Friday, November 16, 2012

Rockets In Tel Aviv



- Why aren't you afraid? Rockets haven't landed in Tel Aviv since 1981.
- Why should I be afraid? I was here when the missiles from Iraq came, hundreds of them. What I didn't like was the gas masks we had to wear.
- But you weren't afraid.
- No. This for us is life as usual. Look around you.
- I am.
- Are you afraid? You were here in the neighborhood when the rockets came?
- No, I'm not afraid. I was here. When the alarm went off and we went down to the basement, and every wall and window was transformed into a possible danger, it wasn't frightening. If anything it was mildly exciting. Do you know what I think?
- What?
- Just before the rockets came within range and the sirens began to sound I was reading an article about whether democracy has been put into danger by the economic crisis, or rather redistribution of wealth, we are going through. Democracy may have to temporarily give way to dictatorship, the author argued, as the people can't agree on what to do. But democracies can temporarily transform themselves into dictatorships because people will want to get back their freedoms when the crisis is over. Dictatorships though fear transformation, that once they give people democracy they won't get their power back from them. I didn't like the argument.
- Why not?
- Because in the case of Russia we can watch the supposedly feared transition from dictatorship to democracy safely returning to dictatorship. And in the Western democracies we can see the supposedly safe transition from democracy to dictatorship showing signs of being a road of no return, particularly in the United States with its emergency laws eliminating legal protections.
- Then what do you think?
- The difference is not which form of government does the change, but the character of the people who live through the change. People who have been raised under dictatorship can't identify, don't understand and so can't resist the danger democracy faces from economic and social monopolies that quickly arise with the withdrawal of dictatorship. Dictators in fact can safely offer their people democracy because it is likely they, or people like them, will be allowed back into power as the lesser evil. But people raised under democracy feel the loss of their freedom under temporary dictatorship, and don't need theoretical arguments about democracy being the least bad form of government to know what they want.

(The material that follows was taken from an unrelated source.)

(* (i) Let $\mathcal{F}$ be a nonempty set of bivariate distributions and let $\mathcal{F}_{X,Y}=\{(F(\cdot,\infty),F(\infty,\cdot)) : F\in\mathcal{F}\}$ be the set of pairs of margins occurring in $\mathcal{F}$. For $F_{X,Y}=(F_X,F_Y)\in\mathcal{F}_{X,Y}$ let $\mathcal{F}^{F_{X,Y}}$ be the set of members of $\mathcal{F}$ with margins $F_X,F_Y$, and let $\underline{\mathcal{F}}^{F_{X,Y}}$ and $\overline{\mathcal{F}}^{F_{X,Y}}$ be its pointwise infimum and supremum. Then there exists a family $\{(P_{F_{X,Y}},Q_{F_{X,Y}}) : F_{X,Y}\in\mathcal{F}_{X,Y}\}$ of coherent imprecise copulas such that $\underline{\mathcal{F}}^{F_{X,Y}}(x,y)=P_{F_{X,Y}}(F_X(x),F_Y(y))$ and $\overline{\mathcal{F}}^{F_{X,Y}}(x,y)=Q_{F_{X,Y}}(F_X(x),F_Y(y))$ for every $F_{X,Y}\in\mathcal{F}_{X,Y}$ and all $x,y\in\overline{\mathbb{R}}$. (ii) Let $\mathcal{F}_X,\mathcal{F}_Y$ be nonempty sets of univariate distributions, let $\mathcal{F}_{X,Y}\subseteq\mathcal{F}_X\times\mathcal{F}_Y$ be nonempty, and let $\{(P_{F_{X,Y}},Q_{F_{X,Y}})\}_{F_{X,Y}\in\mathcal{F}_{X,Y}}$ be a family of coherent imprecise copulas. Then $\mathcal{F}=\{C(F_X,F_Y) : (F_X,F_Y)\in\mathcal{F}_{X,Y},\ C\in\mathcal{C}(P_{F_{X,Y}},Q_{F_{X,Y}})\}$ is a nonempty set of bivariate distributions.
   Context: $\overline{\mathbb{R}}=\mathbb{R}\cup\{-\infty,\infty\}$. A univariate distribution is a nondecreasing $G:\overline{\mathbb{R}}\to[0,1]$ with $G(-\infty)=0$, $G(\infty)=1$ (not necessarily right continuous). A bivariate distribution is $F:\overline{\mathbb{R}}^2\to[0,1]$ with $F(x,-\infty)=F(-\infty,y)=0$, $F(\infty,\infty)=1$ and $F(x_1,y_1)+F(x_2,y_2)-F(x_2,y_1)-F(x_1,y_2)\geqslant 0$ for all $x_1\leqslant x_2$, $y_1\leqslant y_2$; its margins are $F(\cdot,\infty)$ and $F(\infty,\cdot)$. A quasi-copula is $Q:[0,1]^2\to[0,1]$ with $Q(u,0)=Q(0,v)=0$, $Q(u,1)=u$, $Q(1,v)=v$, nondecreasing in each variable, and $|Q(u_1,v_1)-Q(u_2,v_2)|\leqslant|u_1-u_2|+|v_1-v_2|$; a copula is a quasi-copula with nonnegative volume of every rectangle in $[0,1]^2$. For quasi-copulas $P\leqslant Q$, $\mathcal{C}(P,Q)$ is the set of copulas $C$ with $P\leqslant C\leqslant Q$. A coherent imprecise copula is a pair of quasi-copulas $P\leqslant Q$ with $P=\inf\mathcal{C}(P,Q)$ and $Q=\sup\mathcal{C}(P,Q)$ (pointwise). $C(F_X,F_Y)$ denotes $(x,y)\mapsto C(F_X(x),F_Y(y))$. *)

theory Defs
  imports "HOL-Library.Extended_Real"
begin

- Most of the world thinks Israel is a dictatorship pretending to be a democracy. What do you think?
- That the opposite is more accurate. Democracy, temporarily a dictatorship. To decide whether the democracy is a pretense, whether the dictatorship is temporary or permanent, we have to look at the character of the people, the decisive factor. Americans born to freedom have let their freedom go without much protest because they've allowed monopoly economics and social division to erode their ability to appreciate democracy. They are in real danger of losing their freedom, or, in the terms of the argument, danger of their temporary dictatorship becoming permanent.
- And Israeli character?
- As you said, look around. Israelis take the freedom they can, where and when they can.
- We're strong people.
- And strong people can resist even their own dictatorship.